Regardless of which path Qualcomm chooses, the company appears to be heading into rough seas amid increasing competition in the chip industry and the tendency of big tech companies, such as Apple (AAPL), to develop chips themselves to reduce their dependence on technology. reduce. third party chip makers.

Given the challenges previously discussed, Qualcomm could try to find a middle ground with its long-term partner Arm Holdings to resolve the differences between the two companies. The company can agree to end this dispute by offering to pay higher royalties to Arm in exchange for using the company’s architecture. The two companies may also consider striking a new deal that includes new provisions for Qualcomm’s use of Arm’s chip design architecture for both mobile and server markets.

In addition, the two chip companies may consider working together on new joint development projects with a clearly defined revenue share. If all these strategies fail, Qualcomm could resort to using Arm’s standard chip design architecture instead of the custom architecture that has led to legal issues since 2022.

While my sentiment toward Qualcomm has been affected by Arm’s license revocation, I still believe the company has a long growth trajectory, aided by favorable industry conditions. Qualcomm is one of the leading players in the mobile chiplet market, with a 26.5% share of the 5G smartphone chip market, only behind MediaTek’s 29.2% market share. With global adoption of 5G expected to increase in the coming years, Qualcomm’s Snapdragon chips are likely to remain in high demand, driving sales growth.

Qualcomm is also expanding into new product categories, such as AI PCs, opening new doors for growth. According to CanalysOnly 19% of total PCs shipped in 2024 will be AI PCs, but AI PC penetration is expected to reach 60% by 2027, underscoring the strong growth potential of this market segment. As one of the leading chipmakers for AI PCs, Qualcomm is well positioned to benefit from this favorable development.

In addition, Qualcomm’s automotive business is gaining traction, allowing the company to diversify its revenue streams. In fiscal 2023, auto revenues rose 24% year-over-year to $1.9 billion, helped by increased spending by automakers on advanced technologies such as high-end infotainment systems and autonomous driving. As of 2022, Qualcomm was the leading chip supplier to the automotive industry with an 80% market share, underscoring the company’s strong position in this fast-growing sector.

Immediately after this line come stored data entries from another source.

lemma lvl_eval_prune_dominated_iff:
  assumes "nf_data k xs" and "nf_data k' ys"
  shows "lvl_eval \<sigma> (to_level k (prune_dominated xs ys))
      = lvl_eval \<sigma> (to_level k' (prune_dominated ys xs))
    \<longleftrightarrow> lvl_eval \<sigma> (to_level k xs) = lvl_eval \<sigma> (to_level k' ys)"
proof -
  let ?f = "\<lambda>(i, n). \<sigma> i + n" and ?p = "prune_dominated xs ys" and ?p' = "prune_dominated ys xs"
  have split: "insert k (?f ` set xs) = insert k (?f ` set ?p) \<union> ?f ` (set xs - set ?p)"
    and split': "insert k' (?f ` set ys) = insert k' (?f ` set ?p') \<union> ?f ` (set ys - set ?p')"
    by (auto simp: prune_dominated_def)
  have "\<forall>b\<in>?f ` (set xs - set ?p). \<exists>a\<in>insert k' (?f ` set ?p'). b < a"
    using pruned_dominated_by_kept[OF assms(1)] by fastforce
  moreover have "\<forall>b\<in>?f ` (set ys - set ?p'). \<exists>a\<in>insert k (?f ` set ?p). b < a"
    using pruned_dominated_by_kept[OF assms(2)] by fastforce
  ultimately show ?thesis
    unfolding lvl_eval_to_level split split' by (intro Max_Un_eq_iff_Max_eq [symmetric]) auto
qed

lemma lvl_eval_to_level_shift:
  assumes "m \<le> k" and "\<forall>(i, n)\<in>set xs. m \<le> n"
  shows "lvl_eval \<sigma> (to_level (k - m) (map (\<lambda>(i, n). (i, n - m)) xs)) + m
    = lvl_eval \<sigma> (to_level k xs)"
proof -
  let ?f = "\<lambda>(i, n). \<sigma> i + n" and ?ys = "map (\<lambda>(i, n). (i, n - m)) xs"
  have "(\<lambda>x. x + m) ` insert (k - m) (?f ` set ?ys) = insert k (?f ` set xs)"
    using assms by (force simp: image_image)
  moreover have "lvl_eval \<sigma> (to_level (k - m) ?ys) + m
      = Lattices_Big.Max ((\<lambda>x. x + m) ` insert (k - m) (?f ` set ?ys))"
    unfolding lvl_eval_to_level by (rule mono_Max_commute) (auto simp: mono_def)
  ultimately show ?thesis
    by (simp only: lvl_eval_to_level)
qed

lemma lvl_eval_norm_constr_iff:
  "lvl_eval \<sigma> (fst (norm_constr c)) = lvl_eval \<sigma> (snd (norm_constr c))
    \<longleftrightarrow> lvl_eval \<sigma> (fst c) = lvl_eval \<sigma> (snd c)"
proof -
  obtain k1 xs1 k2 xs2 where r: "nf_rep (fst c) = (k1, xs1)" "nf_rep (snd c) = (k2, xs2)"
    by (metis surj_pair)
  then have nf: "nf_data k1 xs1" "fst c \<simeq> to_level k1 xs1" "nf_data k2 xs2" "snd c \<simeq> to_level k2 xs2"
    using nf_rep_spec[of "fst c"] nf_rep_spec[of "snd c"] by auto
  define ys1 where "ys1 = prune_dominated xs1 xs2"
  define ys2 where "ys2 = prune_dominated xs2 xs1"
  define m where "m = Min ({k1, k2} \<union> snd ` set ys1 \<union> snd ` set ys2)"
  have norm: "norm_constr c = (to_level (k1 - m) (map (\<lambda>(i, n). (i, n - m)) ys1),
                               to_level (k2 - m) (map (\<lambda>(i, n). (i, n - m)) ys2))"
    unfolding norm_constr_def r ys1_def ys2_def m_def prune_dominated_def Let_def prod.case ..
  have m_le: "m \<le> n" if "n \<in> {k1, k2} \<union> snd ` set ys1 \<union> snd ` set ys2" for n
    unfolding m_def using that by (intro Min_le) auto
  have "m \<le> k1" "m \<le> k2" "\<forall>(i, n)\<in>set ys1. m \<le> n" "\<forall>(i, n)\<in>set ys2. m \<le> n"
    by (auto intro!: m_le simp: rev_image_eqI)
  then have "lvl_eval \<sigma> (fst (norm_constr c)) + m = lvl_eval \<sigma> (to_level k1 ys1)"
    and "lvl_eval \<sigma> (snd (norm_constr c)) + m = lvl_eval \<sigma> (to_level k2 ys2)"
    unfolding norm by (simp_all add: lvl_eval_to_level_shift)
  then have "lvl_eval \<sigma> (fst (norm_constr c)) = lvl_eval \<sigma> (snd (norm_constr c))
      \<longleftrightarrow> lvl_eval \<sigma> (to_level k1 ys1) = lvl_eval \<sigma> (to_level k2 ys2)"
    by (metis add_right_cancel)
  also have "\<dots> \<longleftrightarrow> lvl_eval \<sigma> (to_level k1 xs1) = lvl_eval \<sigma> (to_level k2 xs2)"
    unfolding ys1_def ys2_def by (rule lvl_eval_prune_dominated_iff[OF nf(1,3)])
  also have "\<dots> \<longleftrightarrow> lvl_eval \<sigma> (fst c) = lvl_eval \<sigma> (snd c)"
    using lvl_eq_imp_eval_eq[OF nf(2)] lvl_eq_imp_eval_eq[OF nf(4)] by simp
  finally show ?thesis .
qed

lemma subst_norm_constr_iff:
  "subst \<theta> (fst (norm_constr c)) \<simeq> subst \<theta> (snd (norm_constr c))
    \<longleftrightarrow> subst \<theta> (fst c) \<simeq> subst \<theta> (snd c)"
  by (simp add: lvl_eq_iff_eval_eq lvl_eval_subst lvl_eval_norm_constr_iff)

theorem mainTheorem6:
  fixes C :: "('v::linorder) constr set" and \<theta> :: "'v \<Rightarrow> 'v lvl"
  assumes "infinite (UNIV :: 'v set)"
    and "finite C"
  shows "\<theta> \<Turnstile> C \<longleftrightarrow> \<theta> \<Turnstile> norm_constrs C"
  unfolding sat_def norm_constrs_def by (simp add: case_prod_beta subst_norm_constr_iff)

end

Despite the start to growth for Qualcomm, some analysts have grown cautious about the company’s prospects in recent weeks. For example, JPMorgan analysts added Qualcomm to its negative catalyst watchlist earlier this week as they expect the company to provide weak guidance for the coming quarter. On October 21, Barclays also claimed that Qualcomm is lagging behind some of its fellow chipmakers in AI advances.

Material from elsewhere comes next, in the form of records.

section \<open>Cocompatible maps\<close>

definition cocompatible :: "('h \<Rightarrow> 'h) \<Rightarrow> bool" where
  "cocompatible f \<longleftrightarrow> linF f \<and>
     (\<forall>Q \<phi>. bilinear_form sc \<phi> \<longrightarrow>
        teval \<phi> (\<Delta> (f Q)) = \<phi> (incl (f Q)) unitA + \<phi> unitA (incl (f Q)) + teval \<phi> (red_map f (\<Delta> Q)))"

text \<open>Cocompatible maps preserve primitivity, since the reduced part of a primitive vanishes.\<close>
lemma cocompatible_primitive:
  assumes "cocompatible f" "primitive sc \<Delta> Q"
  shows "primitive sc \<Delta> (f Q)"
  unfolding primitive_def teq_teval
proof (intro allI impI)
  fix \<phi> assume bf: "bilinear_form sc \<phi>"
  have "linF f" using assms(1) unfolding cocompatible_def by blast
  then show "teval \<phi> (\<Delta> (f Q)) = teval \<phi> (prim_tensor (f Q))"
    using assms(1) bf red_map_primitive[OF assms(2) _ bf] unfolding cocompatible_def by simp
qed

text \<open>The first brace Q \<mapsto> M(x; Q) = q Q \<cdot> x + Q \<succ> x - x \<prec> Q: the two cross terms Q \<otimes> x cancel.\<close>
lemma cocompatible_M_single:
  assumes px: "primitive sc \<Delta> x"
  shows "cocompatible (\<lambda>Q. sc q (dot Q x) + succ Q x - prec x Q)"
proof -
  have "teval \<phi> (\<Delta> (sc q (dot Q x) + succ Q x - prec x Q)) =
        \<phi> (incl (sc q (dot Q x) + succ Q x - prec x Q)) unitA
        + \<phi> unitA (incl (sc q (dot Q x) + succ Q x - prec x Q))
        + teval \<phi> (red_map (\<lambda>Q. sc q (dot Q x) + succ Q x - prec x Q) (\<Delta> Q))"
    if bf: "bilinear_form sc \<phi>" for Q \<phi>
    by (simp add: teval_\<Delta>_linear[OF bf] coprod_prec_primitive[OF px bf] coprod_succ_primitive[OF px bf]
        coprod_dot_primitive[OF px bf] teval_red_map bilinear_form_incl[OF bf]
        bilinear_form_laws[OF bf] teval_form_linear algebra_simps)
  moreover have "linF (\<lambda>Q. sc q (dot Q x) + succ Q x - prec x Q)"
    unfolding linF_def by (simp add: algebra_simps vs.scale_right_distrib)
  ultimately show ?thesis unfolding cocompatible_def by blast
qed

text \<open>The recursion step: with f cocompatible and a primitive, so is Q \<mapsto> f(a \<prec> Q) - f(a) \<prec> Q;
  the cross term Q \<otimes> f(a) coming from \<Delta>(a \<prec> Q) cancels the one of \<Delta>(f(a) \<prec> Q).\<close>
lemma cocompatible_step:
  assumes cf: "cocompatible f" and pa: "primitive sc \<Delta> a"
  shows "cocompatible (\<lambda>Q. f (prec a Q) - prec (f a) Q)"
proof -
  have lf: "linF f" using cf unfolding cocompatible_def by blast
  have pfa: "primitive sc \<Delta> (f a)" by (rule cocompatible_primitive[OF cf pa])
  have "teval \<phi> (\<Delta> (f (prec a Q) - prec (f a) Q)) =
        \<phi> (incl (f (prec a Q) - prec (f a) Q)) unitA + \<phi> unitA (incl (f (prec a Q) - prec (f a) Q))
        + teval \<phi> (red_map (\<lambda>Q. f (prec a Q) - prec (f a) Q) (\<Delta> Q))"
    if bf: "bilinear_form sc \<phi>" for Q \<phi>
  proof -
    have f_coprod: "teval \<phi> (\<Delta> (f u)) = \<phi> (incl (f u)) unitA + \<phi> unitA (incl (f u))
                      + teval \<phi> (red_map f (\<Delta> u))" for u
      using cf bf unfolding cocompatible_def by blast
    show ?thesis
      using red_map_coprod_prec[OF pa bf lf, of Q]
      by (simp add: teval_\<Delta>_linear[OF bf] f_coprod
          coprod_prec_primitive[OF pfa bf] teval_red_map bilinear_form_incl[OF bf]
          bilinear_form_laws[OF bf] teval_form_linear algebra_simps)
  qed
  moreover have "linF (\<lambda>Q. f (prec a Q) - prec (f a) Q)"
    unfolding linF_def by (simp add: linF_laws[OF lf] algebra_simps vs.scale_right_diff_distrib)
  ultimately show ?thesis unfolding cocompatible_def by blast
qed

lemma cocompatible_M:
  assumes "primitive sc \<Delta> x" "\<forall>z\<in>set ys. primitive sc \<Delta> z"
  shows "cocompatible (\<lambda>Q. M x (ys @ [Q]))"
  using assms(2)
proof (induction ys rule: rev_induct)
  case Nil
  then show ?case using cocompatible_M_single[OF assms(1)] by (simp add: M_single)
next
  case (snoc a ys)
  have "(\<lambda>Q. M x ((ys @ [a]) @ [Q])) = (\<lambda>Q. M x (ys @ [prec a Q]) - prec (M x (ys @ [a])) Q)"
    by (simp add: M_snoc_recursion)
  then show ?case using cocompatible_step[of "\<lambda>Q. M x (ys @ [Q])" a] snoc by simp
qed

theorem M_primitive:
  assumes "primitive sc \<Delta> x" "\<forall>z\<in>set zs. primitive sc \<Delta> z"
  shows "primitive sc \<Delta> (M x zs)"
proof (cases zs rule: rev_exhaust)
  case Nil
  then show ?thesis using assms(1) by (simp add: M_nil)
next
  case (snoc ys Q)
  then show ?thesis using cocompatible_primitive[OF cocompatible_M[OF assms(1)]] assms(2) by simp
qed

text \<open>x \<cdot> y is primitive: the reduced part of \<Delta>(x \<cdot> y) comes from that of \<Delta> x.\<close>
theorem dot_primitive:
  assumes "primitive sc \<Delta> x" "primitive sc \<Delta> y"
  shows "primitive sc \<Delta> (dot x y)"
  unfolding primitive_def teq_teval
proof (intro allI impI)
  fix \<phi> assume bf: "bilinear_form sc \<phi>"
  have "linF (\<lambda>u. dot u y)" unfolding linF_def by simp
  then have "teval \<phi> (red_map (\<lambda>u. dot u y) (\<Delta> x)) = 0"
    by (rule red_map_primitive[OF assms(1) _ bf])
  then show "teval \<phi> (\<Delta> (dot x y)) = teval \<phi> (prim_tensor (dot x y))"
    by (simp add: coprod_dot_primitive[OF assms(2) bf])
qed

theorem primitive_subspace: "vs.subspace {x. primitive sc \<Delta> x}"
proof (rule vs.subspaceI)
  have "teval \<phi> (\<Delta> 0) = 0" if bf: "bilinear_form sc \<phi>" for \<phi>
  proof -
    have "teval \<phi> (\<Delta> 0) = teval \<phi> (\<Delta> 0) + teval \<phi> (\<Delta> 0)"
      using teval_\<Delta>_linear(1)[OF bf, of 0 0] by (simp only: add_0)
    then show ?thesis by (metis add_cancel_left_right)
  qed
  then show "0 \<in> {x. primitive sc \<Delta> x}"
    by (simp add: primitive_def teq_teval bilinear_form_laws)
next
  fix x y assume "x \<in> {x. primitive sc \<Delta> x}" "y \<in> {x. primitive sc \<Delta> x}"
  then show "x + y \<in> {x. primitive sc \<Delta> x}"
    by (simp add: primitive_def teq_teval teval_\<Delta>_linear bilinear_form_laws bilinear_form_incl)
next
  fix c x assume "x \<in> {x. primitive sc \<Delta> x}"
  then show "sc c x \<in> {x. primitive sc \<Delta> x}"
    by (simp add: primitive_def teq_teval teval_\<Delta>_linear bilinear_form_incl algebra_simps)
qed

end

theorem lemma2p3:
  fixes sc :: "'k::field \<Rightarrow> 'h::ab_group_add \<Rightarrow> 'h"
    and q :: 'k
    and prec dot succ :: "'h \<Rightarrow> 'h \<Rightarrow> 'h"
    and \<Delta> :: "'h \<Rightarrow> ('h,'k) tens"
  assumes bialg: "q_tridendriform_bialgebra sc q prec dot succ \<Delta>"
  shows "(\<forall>x zs. primitive sc \<Delta> x \<and> (\<forall>z\<in>set zs. primitive sc \<Delta> z)
              \<longrightarrow> primitive sc \<Delta> (M1 sc q prec dot succ x zs))
       \<and> (\<forall>x y. primitive sc \<Delta> x \<and> primitive sc \<Delta> y \<longrightarrow> primitive sc \<Delta> (dot x y))
       \<and> module.subspace sc {x. primitive sc \<Delta> x}"
proof -
  interpret qtri_bialgebra sc q prec dot succ \<Delta> by (rule qtri_bialgebra.intro[OF bialg])
  show ?thesis using M_primitive dot_primitive primitive_subspace by blast
qed

end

Nevertheless, Qualcomm’s average price target, based on the ratings of 21 Wall Street analysts, is $214.13, implying an upside potential of 25.1% from the current market price.

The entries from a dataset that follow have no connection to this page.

lemma Int_ball_neq_empty_iff_dense:
  fixes q :: "nat \<Rightarrow> 'a::metric_space"
  assumes dense: "\<And>U. open U \<Longrightarrow> U \<noteq> {} \<Longrightarrow> \<exists>i. q i \<in> U"
  shows "S \<inter> ball y s \<noteq> {} \<longleftrightarrow>
    (\<exists>i n. dist y (q i) < 1 / Suc n \<and> S \<inter> ball (q i) (s - 1 / Suc n) \<noteq> {})"
proof
  assume "S \<inter> ball y s \<noteq> {}"
  then obtain z where z: "z \<in> S" "dist y z < s"
    by auto
  then obtain n :: nat where n: "inverse (Suc n) < (s - dist y z) / 2"
    using reals_Archimedean[of "(s - dist y z) / 2"] by auto
  obtain i where i: "dist y (q i) < 1 / Suc n"
    using dense[of "ball y (1 / Suc n)"] by auto
  have "dist (q i) z \<le> dist y (q i) + dist y z"
    by (metis dist_commute dist_triangle)
  then have "z \<in> ball (q i) (s - 1 / Suc n)"
    using i n by (simp add: inverse_eq_divide)
  then show "\<exists>i n. dist y (q i) < 1 / Suc n \<and> S \<inter> ball (q i) (s - 1 / Suc n) \<noteq> {}"
    using i z by blast
next
  assume "\<exists>i n. dist y (q i) < 1 / Suc n \<and> S \<inter> ball (q i) (s - 1 / Suc n) \<noteq> {}"
  then obtain i n z where "dist y (q i) < 1 / Suc n" "z \<in> S" "dist (q i) z < s - 1 / Suc n"
    by auto
  moreover have "dist y z \<le> dist y (q i) + dist (q i) z"
    by (rule dist_triangle)
  ultimately show "S \<inter> ball y s \<noteq> {}"
    by auto
qed

lemma pred_Int_ball_eq_empty [measurable]:
  fixes f :: "'b \<Rightarrow> 'a::{metric_space, second_countable_topology}"
  assumes [measurable]: "f \<in> borel_measurable N" "g \<in> measurable N pp_sets"
  shows "Measurable.pred N (\<lambda>\<omega>. g \<omega> \<inter> ball (f \<omega>) s = {})"
proof -
  \<comment> \<open>The events of \<open>pp_sets\<close> only count points in fixed Borel sets, so the moving ball is
    approximated through a countable dense set.\<close>
  obtain Q :: "'a set" where "countable Q" and Q: "\<And>U. open U \<Longrightarrow> U \<noteq> {} \<Longrightarrow> \<exists>q\<in>Q. q \<in> U"
    using countable_dense_exists by blast
  moreover have "Q \<noteq> {}"
    using Q[of UNIV] by auto
  ultimately have dense: "\<exists>i. from_nat_into Q i \<in> U" if "open U" "U \<noteq> {}" for U
    using Q[OF that] by (metis from_nat_into_surj)
  have "g \<omega> \<inter> ball (f \<omega>) s = {} \<longleftrightarrow> \<not> (\<exists>i n. dist (f \<omega>) (from_nat_into Q i) < 1 / Suc n \<and>
      g \<omega> \<inter> ball (from_nat_into Q i) (s - 1 / Suc n) \<noteq> {})" for \<omega>
    using Int_ball_neq_empty_iff_dense[OF dense] by blast
  then show ?thesis
    by simp measurable
qed

section \<open>Conditioning on an independent component\<close>

lemma (in prob_space) distr_pair_indep_set:
  assumes X: "random_variable S X" and Y: "random_variable T Y"
    and indep: "indep_set (sets (vimage_algebra (space M) X S)) (sets (vimage_algebra (space M) Y T))"
  shows "distr M S X \<Otimes>\<^sub>M distr M T Y = distr M (S \<Otimes>\<^sub>M T) (\<lambda>\<omega>. (X \<omega>, Y \<omega>))"
proof (rule pair_measure_eqI)
  show "sigma_finite_measure (distr M S X)" "sigma_finite_measure (distr M T Y)"
    using X Y by (auto intro!: prob_space_imp_sigma_finite prob_space_distr)
  have XY: "(\<lambda>\<omega>. (X \<omega>, Y \<omega>)) \<in> measurable M (S \<Otimes>\<^sub>M T)"
    using X Y by (rule measurable_Pair)
  fix A B
  assume "A \<in> sets (distr M S X)" "B \<in> sets (distr M T Y)"
  then have A: "A \<in> sets S" and B: "B \<in> sets T"
    by simp_all
  have "(\<lambda>\<omega>. (X \<omega>, Y \<omega>)) -` (A \<times> B) \<inter> space M = (X -` A \<inter> space M) \<inter> (Y -` B \<inter> space M)"
    by auto
  moreover have "prob ((X -` A \<inter> space M) \<inter> (Y -` B \<inter> space M)) = prob (X -` A \<inter> space M) * prob (Y -` B \<inter> space M)"
    using A B by (intro indep_setD[OF indep] in_vimage_algebra)
  ultimately show "emeasure (distr M S X) A * emeasure (distr M T Y) B
      = emeasure (distr M (S \<Otimes>\<^sub>M T) (\<lambda>\<omega>. (X \<omega>, Y \<omega>))) (A \<times> B)"
    using A B X Y XY by (simp add: emeasure_distr emeasure_eq_measure ennreal_mult)
qed simp

lemma (in prob_space) emeasure_pair_indep_set:
  assumes X: "random_variable S X" and Y: "random_variable T Y"
    and indep: "indep_set (sets (vimage_algebra (space M) X S)) (sets (vimage_algebra (space M) Y T))"
    and P: "Measurable.pred (S \<Otimes>\<^sub>M T) P"
  shows "emeasure M {\<omega> \<in> space M. P (X \<omega>, Y \<omega>)}
           = (\<integral>\<^sup>+\<omega>. emeasure M {\<omega>' \<in> space M. P (X \<omega>, Y \<omega>')} \<partial>M)"
proof -
  note joint = distr_pair_indep_set[OF X Y indep]
  interpret Y: prob_space "distr M T Y"
    using Y by (rule prob_space_distr)
  define G where "G = {p \<in> space (S \<Otimes>\<^sub>M T). P p}"
  have G: "G \<in> sets (S \<Otimes>\<^sub>M T)"
    using P by (simp add: G_def pred_def)
  then have G': "G \<in> sets (distr M S X \<Otimes>\<^sub>M distr M T Y)"
    by (simp add: joint)
  have XY: "(\<lambda>\<omega>. (X \<omega>, Y \<omega>)) \<in> measurable M (S \<Otimes>\<^sub>M T)"
    using X Y by (rule measurable_Pair)
  have "emeasure M {\<omega> \<in> space M. P (X \<omega>, Y \<omega>)} = emeasure (distr M (S \<Otimes>\<^sub>M T) (\<lambda>\<omega>. (X \<omega>, Y \<omega>))) G"
    using X Y by (subst emeasure_distr[OF XY G])
      (auto intro!: arg_cong[where f="emeasure M"] simp: G_def space_pair_measure measurable_space)
  also have "\<dots> = (\<integral>\<^sup>+x. emeasure (distr M T Y) (Pair x -` G) \<partial>distr M S X)"
    by (simp only: joint[symmetric] Y.emeasure_pair_measure_alt[OF G'])
  also have "\<dots> = (\<integral>\<^sup>+\<omega>. emeasure (distr M T Y) (Pair (X \<omega>) -` G) \<partial>M)"
    using Y.measurable_emeasure_Pair[OF G'] by (intro nn_integral_distr[OF X]) simp
  also have "\<dots> = (\<integral>\<^sup>+\<omega>. emeasure M {\<omega>' \<in> space M. P (X \<omega>, Y \<omega>')} \<partial>M)"
  proof (rule nn_integral_cong)
    fix \<omega> assume "\<omega> \<in> space M"
    then show "emeasure (distr M T Y) (Pair (X \<omega>) -` G) = emeasure M {\<omega>' \<in> space M. P (X \<omega>, Y \<omega>')}"
      using X Y by (subst emeasure_distr[OF Y sets_Pair1[OF G]])
        (auto intro!: arg_cong[where f="emeasure M"] simp: G_def space_pair_measure measurable_space)
  qed
  finally show ?thesis .
qed

section \<open>Poisson point processes\<close>

lemma
  assumes "poisson_pp M N mu"
  shows poisson_pp_prob_space: "prob_space M"
    and poisson_pp_measurable: "N \<in> measurable M pp_sets"
  using assms unfolding poisson_pp_def by auto

lemma poisson_pp_prob_count:
  assumes "poisson_pp M N mu" "B \<in> sets borel" "emeasure mu B < \<infinity>"
  shows "measure M {\<omega> \<in> space M. count_pts (N \<omega>) B = enat k}
           = exp (- measure mu B) * measure mu B ^ k / fact k"
  using assms unfolding poisson_pp_def by blast

lemma poisson_pp_prob_void:
  assumes "poisson_pp M N mu" "B \<in> sets borel" "emeasure mu B < \<infinity>"
  shows "measure M {\<omega> \<in> space M. N \<omega> \<inter> B = {}} = exp (- measure mu B)"
  using poisson_pp_prob_count[OF assms, of 0] by (simp add: count_pts_eq_0_iff zero_enat_def[symmetric])

lemma poisson_pgf_sums:
  fixes c \<mu> :: real
  shows "(\<lambda>k. c ^ k * (exp (- \<mu>) * \<mu> ^ k / fact k)) sums exp (- \<mu> * (1 - c))"
proof -
  have "(\<lambda>k. exp (- \<mu>) * ((c * \<mu>) ^ k /\<^sub>R fact k)) sums (exp (- \<mu>) * exp (c * \<mu>))"
    by (intro sums_mult exp_converges)
  moreover have "exp (- \<mu>) * exp (c * \<mu>) = exp (- \<mu> * (1 - c))"
    by (simp add: exp_add[symmetric] algebra_simps)
  ultimately show ?thesis
    by (simp add: power_mult_distrib divide_inverse scaleR_conv_of_real mult_ac)
qed

lemma poisson_pp_count_finite_AE:
  assumes pp: "poisson_pp M N mu" and B: "B \<in> sets borel" "emeasure mu B < \<infinity>"
  shows "AE \<omega> in M. count_pts (N \<omega>) B \<noteq> \<infinity>"
proof -
  interpret prob_space M
    by (rule poisson_pp_prob_space[OF pp])
  note [measurable] = poisson_pp_measurable[OF pp] B(1)
  define A where "A k = {\<omega> \<in> space M. count_pts (N \<omega>) B = enat k}" for k
  have "(\<lambda>k. prob (A k)) sums prob (\<Union>k. A k)"
    by (intro finite_measure_UNION) (auto simp: disjoint_family_on_def A_def)
  moreover have "(\<lambda>k. prob (A k)) sums 1"
    using poisson_pgf_sums[of 1] by (simp add: A_def poisson_pp_prob_count[OF pp B])
  ultimately have "prob (\<Union>k. A k) = 1"
    using sums_unique2 by blast
  from AE_prob_1[OF this] show ?thesis
    by eventually_elim (auto simp: A_def)
qed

See more QCOM analyst reviews

With a price-to-earnings ratio of 17 compared to 50 for Nvidia (NVDA) and 45 for Advanced Micro Devices (AMD), QCOM appears cheaply valued. However, Qualcomm’s dependence on Arm’s chip design architecture paints a bleak outlook for the company, as failure to renegotiate the deal terms could lead to a cancellation of the partnership. Despite being attractively valued, QCOM stock could struggle if there isn’t a good solution to mitigate the threat posed by Arm. For this reason, I am neutral on QCOM today.

Arm Holdings’ possible cancellation of a chip architecture deal with Qualcomm will likely limit Qualcomm’s growth potential in the near term. Qualcomm’s alternative options also suggest that the company’s operating margins could come under pressure in the coming quarters. Despite Qualcomm’s long period of growth, I believe investors should be cautious given the uncertainty surrounding the prospects for Qualcomm’s mobile chiplet business.